Clarence Thomas, Donald Trump, Andrew Bailey

Justice Clarence Thomas (AP Photo/J. Scott Applewhite); Former President Donald Trump sits inside Manhattan Criminal Court, Thursday, May 2 2024. (Mark Peterson/Pool Photo via AP); Missouri AG Andrew Bailey speaks to reporters after taking the oath of office in Jefferson City, Mo., on Tuesday, Jan. 3, 2023. (AP Photo/David A. Lieb, File)

With the Supreme Court’s immunity decision in Trump v. United States already wreaking havoc on Donald Trump’s hush-money sentencing in New York, pushing the proceeding back at least until mid-September, Missouri Attorney General Andrew Bailey (R) followed through on a vow to sue the Empire State, begging the highest court in the land to hand the Show Me State “modest” relief until after the 2024 election.

Bailey is asking the justices to grant him leave to file a bill of complaint that looks to stay an already loosened gag order on Trump in the Manhattan case and to stay the former president’s “impending sentence” for 34 felony falsification of business records convictions.

The AG’s “one modest request,” as his filing describes it, is that a stay of “any” Trump sentence in the hush-money case must “last until after the 2024 election.”

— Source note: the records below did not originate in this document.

lemma nonneg_sign_moments_mult_offdiag:
  assumes "finite I" "\<And>i. i \<in> I \<Longrightarrow> 0 \<le> x i" "nonneg_sign_moments I F"
  shows "nonneg_sign_moments I
           (\<lambda>g. F g * (\<Sum>(i, l)\<in>{(i, l). i \<in> I \<and> l \<in> I \<and> i \<noteq> l}. x i * x l * g i * g l))"
proof -
  let ?D = "{(i, l). i \<in> I \<and> l \<in> I \<and> i \<noteq> l}"
  have "finite ?D"
    using assms(1) by (auto intro: finite_subset[of _ "I \<times> I"])
  then have "nonneg_sign_moments I (\<lambda>g. \<Sum>p\<in>?D. (x (fst p) * x (snd p)) * (F g * g (fst p) * g (snd p)))"
    using assms by (intro nonneg_sign_moments_sum) (auto intro!: nonneg_sign_moments_mult_sign)
  then show ?thesis
    by (simp add: sum_distrib_left mult_ac split_def)
qed

definition sign_moment :: "'a set \<Rightarrow> ('a \<Rightarrow> real) \<Rightarrow> nat \<Rightarrow> nat \<Rightarrow> real" where
  "sign_moment I x b d =
     (\<Sum>g\<in>signs I. (\<Sum>i\<in>I. x i * g i) ^ b * ((\<Sum>i\<in>I. x i * g i) ^ 2 - (\<Sum>i\<in>I. x i ^ 2)) ^ d)"

lemma sign_moment_nonneg:
  assumes "finite I" "\<And>i. i \<in> I \<Longrightarrow> 0 \<le> x i"
  shows "0 \<le> sign_moment I x b d"
proof -
  let ?T = "\<lambda>g. \<Sum>i\<in>I. x i * g i"
  let ?S = "\<lambda>g. \<Sum>(i, l)\<in>{(i, l). i \<in> I \<and> l \<in> I \<and> i \<noteq> l}. x i * x l * g i * g l"
  have powers: "nonneg_sign_moments I (\<lambda>g. ?T g ^ b)"
  proof (induction b)
    case (Suc b)
    then show ?case
      using nonneg_sign_moments_mult_linear[OF assms Suc] by (simp add: mult.commute)
  qed (use nonneg_sign_moments_one[OF assms(1)] in simp)
  have "nonneg_sign_moments I (\<lambda>g. ?T g ^ b * ?S g ^ d)"
  proof (induction d)
    case (Suc d)
    then show ?case
      using nonneg_sign_moments_mult_offdiag[OF assms Suc] by (simp add: mult_ac)
  qed (use powers in simp)
  then have "0 \<le> (\<Sum>g\<in>signs I. ?T g ^ b * ?S g ^ d)"
    by (rule nonneg_sign_moments_imp_sum_nonneg)
  also have "\<dots> = sign_moment I x b d"
    unfolding sign_moment_def
  proof (intro sum.cong refl)
    fix g assume "g \<in> signs I"
    then have "?S g = ?T g ^ 2 - (\<Sum>i\<in>I. x i ^ 2)"
      using assms(1) by (intro sum_offdiag_eq_square_minus_diag) (auto intro: signs_square)
    then show "?T g ^ b * ?S g ^ d = ?T g ^ b * (?T g ^ 2 - (\<Sum>i\<in>I. x i ^ 2)) ^ d"
      by simp
  qed
  finally show ?thesis .
qed

section \<open>Decomposition of R_q along two coordinates\<close>

lemma power_add_minus_power_mono:
  fixes t t' :: "'a::linordered_idom"
  assumes "0 \<le> t" "t \<le> t'"
  shows "t ^ k + (- t) ^ k \<le> t' ^ k + (- t') ^ k"
proof (cases "even k")
  case True
  with assms show ?thesis
    by (simp add: power_mono)
qed simp

lemma even_part_power_shift_mono:
  fixes s t t' :: "'a::linordered_idom"
  assumes "0 \<le> s" "0 \<le> t" "t \<le> t'"
  shows "t ^ a * (s + t) ^ m + (- t) ^ a * (s - t) ^ m \<le> t' ^ a * (s + t') ^ m + (- t') ^ a * (s - t') ^ m"
proof -
  have expand: "t ^ a * (s + t) ^ m + (- t) ^ a * (s - t) ^ m
      = (\<Sum>i\<le>m. of_nat (m choose i) * s ^ (m - i) * (t ^ (a + i) + (- t) ^ (a + i)))" for t :: 'a
    using binomial_ring[of t s m] binomial_ring[of "- t" s m]
    by (simp add: add.commute sum_distrib_left sum.distrib[symmetric] power_add algebra_simps)
  show ?thesis
    unfolding expand using assms
    by (intro sum_mono mult_left_mono power_add_minus_power_mono) auto
qed

definition pair_sign_sum :: "nat \<Rightarrow> nat \<Rightarrow> real \<Rightarrow> real \<Rightarrow> real" where
  "pair_sign_sum a b u v = (\<Sum>y\<in>{-1, 1}. \<Sum>z\<in>{-1, 1}. (2 * y * z * u * v) ^ a * (2 * (y * u + z * v)) ^ b)"

lemma pair_sign_sum_odd:
  assumes "odd b"
  shows "pair_sign_sum a b u v = 0"
proof -
  have "(2 * (- w)) ^ b = - ((2 * w) ^ b)" for w :: real
    using assms by (simp add: power_minus_odd)
  from this[of "u + v"] this[of "u - v"] show ?thesis
    unfolding pair_sign_sum_def by (simp add: algebra_simps)
qed

lemma pair_sign_sum_even:
  assumes "b = 2 * m"
  shows "pair_sign_sum a b u v = 2 * 4 ^ m *
    ((2 * u * v) ^ a * (u\<^sup>2 + v\<^sup>2 + 2 * u * v) ^ m + (- (2 * u * v)) ^ a * (u\<^sup>2 + v\<^sup>2 - 2 * u * v) ^ m)"
proof -
  define h where "h w = (2 * w * u * v) ^ a * (4 ^ m * (u\<^sup>2 + v\<^sup>2 + 2 * w * u * v) ^ m)" for w :: real
  have "(2 * (y * u + z * v)) ^ b = 4 ^ m * (u\<^sup>2 + v\<^sup>2 + 2 * (y * z) * u * v) ^ m"
    if "y \<in> {-1, 1}" "z \<in> {-1, 1}" for y z :: real
  proof -
    have square: "(y * u + z * v)\<^sup>2 = u\<^sup>2 + v\<^sup>2 + 2 * (y * z) * u * v"
      using that by (auto simp: power2_eq_square algebra_simps)
    show ?thesis
      unfolding assms power_mult power_mult_distrib square by simp
  qed
  then have "pair_sign_sum a b u v = (\<Sum>y\<in>{-1, 1}. \<Sum>z\<in>{-1, 1}. h (y * z))"
    unfolding pair_sign_sum_def h_def by (intro sum.cong refl) (simp add: mult.assoc)
  also have "\<dots> = 2 * (h 1 + h (-1))"
    by simp
  also have "\<dots> = 2 * 4 ^ m *
    ((2 * u * v) ^ a * (u\<^sup>2 + v\<^sup>2 + 2 * u * v) ^ m + (- (2 * u * v)) ^ a * (u\<^sup>2 + v\<^sup>2 - 2 * u * v) ^ m)"
    unfolding h_def by (simp add: algebra_simps)
  finally show ?thesis .
qed

lemma pair_sign_sum_mono:
  assumes "0 \<le> u" "0 \<le> v" "u\<^sup>2 + v\<^sup>2 = u'\<^sup>2 + v'\<^sup>2" "u * v \<le> u' * v'"
  shows "pair_sign_sum a b u v \<le> pair_sign_sum a b u' v'"
proof (cases "even b")
  case True
  then obtain m where b: "b = 2 * m"
    by blast
  have "(2 * u * v) ^ a * (u\<^sup>2 + v\<^sup>2 + 2 * u * v) ^ m + (- (2 * u * v)) ^ a * (u\<^sup>2 + v\<^sup>2 - 2 * u * v) ^ m
      \<le> (2 * u' * v') ^ a * (u\<^sup>2 + v\<^sup>2 + 2 * u' * v') ^ m + (- (2 * u' * v')) ^ a * (u\<^sup>2 + v\<^sup>2 - 2 * u' * v') ^ m"
    using even_part_power_shift_mono[of "u\<^sup>2 + v\<^sup>2" "2 * u * v" "2 * u' * v'" a m] assms
    by (simp add: mult.assoc)
  then show ?thesis
    unfolding pair_sign_sum_even[OF b] assms(3) by simp
qed (simp add: pair_sign_sum_odd)

lemma trinomial_expansion:
  fixes p r t :: "'a::comm_semiring_1"
  shows "(p + r + t) ^ q = (\<Sum>a\<le>q. \<Sum>b\<le>q - a.
           of_nat (q choose a) * of_nat ((q - a) choose b) * p ^ a * r ^ b * t ^ (q - a - b))"
proof -
  have "(p + (r + t)) ^ q = (\<Sum>a\<le>q. of_nat (q choose a) * p ^ a * (r + t) ^ (q - a))"
    by (rule binomial_ring)
  also have "\<dots> = (\<Sum>a\<le>q. \<Sum>b\<le>q - a.
      of_nat (q choose a) * of_nat ((q - a) choose b) * p ^ a * r ^ b * t ^ (q - a - b))"
    by (simp add: binomial_ring sum_distrib_left mult_ac)
  finally show ?thesis
    by (simp add: add.assoc)
qed

lemma sum_swap_triangle:
  "(\<Sum>x\<in>X. \<Sum>a\<le>q. \<Sum>b\<le>q - a. f x a b) = (\<Sum>a\<le>q. \<Sum>b\<le>q - a. \<Sum>x\<in>X. f x a b)"
  by (subst sum.swap) (simp add: sum.swap[of _ X])

lemma Rq_eq_sum_signs:
  "Rq n q x = (\<Sum>r\<in>signs {..<n}. ((\<Sum>i<n. x i * r i)\<^sup>2 - (\<Sum>i<n. x i ^ 2)) ^ q) / 2 ^ n"
proof -
  have "(\<Sum>(i, j)\<in>{(i, j). i < n \<and> j < n \<and> i \<noteq> j}. x i * x j * r i * r j)
      = (\<Sum>i<n. x i * r i)\<^sup>2 - (\<Sum>i<n. x i ^ 2)" if "r \<in> signs {..<n}" for r
    using sum_offdiag_eq_square_minus_diag[of "{..<n}" r x] that by (simp add: signs_square)
  then show ?thesis
    unfolding Rq_def by (simp cong: sum.cong)
qed

lemma Rq_cong:
  assumes "\<And>i. i < n \<Longrightarrow> x i = x' i"
  shows "Rq n q x = Rq n q x'"
  unfolding Rq_eq_sum_signs using assms by simp

lemma PiE_const_comp_permutes:
  assumes "f \<in> PiE A (\<lambda>_. B)" "p permutes A"
  shows "f \<circ> p \<in> PiE A (\<lambda>_. B)"
  using assms permutes_in_image[OF assms(2)] permutes_not_in[OF assms(2)]
  by (auto simp: PiE_iff extensional_def)

lemma Rq_permute:
  assumes p: "p permutes {..<n}"
  shows "Rq n q (\<lambda>i. x (p i)) = Rq n q x"
proof -
  let ?G = "\<lambda>r. ((\<Sum>i<n. x i * r i)\<^sup>2 - (\<Sum>i<n. x i ^ 2)) ^ q"
  have p': "inv p permutes {..<n}"
    using permutes_inv[OF p] .
  have "(\<Sum>i<n. x (p i) * r i) = (\<Sum>i<n. x i * (r \<circ> inv p) i)" for r
    using sum.permute[OF p, of "\<lambda>i. x i * (r \<circ> inv p) i"] permutes_inverses[OF p] by (simp add: o_def)
  moreover have "(\<Sum>i<n. x (p i) ^ 2) = (\<Sum>i<n. x i ^ 2)"
    using sum.permute[OF p, of "\<lambda>i. x i ^ 2"] by (simp add: o_def)
  moreover have "(\<Sum>r\<in>signs {..<n}. ?G (r \<circ> inv p)) = (\<Sum>r\<in>signs {..<n}. ?G r)"
    by (rule sum.reindex_bij_witness[where i = "\<lambda>r. r \<circ> p" and j = "\<lambda>r. r \<circ> inv p"])
      (use PiE_const_comp_permutes[OF _ p] PiE_const_comp_permutes[OF _ p'] permutes_inv_o[OF p] in
        \<open>simp_all add: o_assoc[symmetric]\<close>)
  ultimately show ?thesis
    unfolding Rq_eq_sum_signs by simp
qed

“This modest request imposes no harm on the State of New York, but it ensures that voters in Missouri and across America are able to make their voices heard this November without one State interfering with the ability of everybody else to hear a major-party candidate campaign,” the filing says, before citing a recent criticism that former New York Governor Andrew Cuomo (D) made on HBO of Manhattan DA Alvin Bragg’s (D) criminal case against Trump.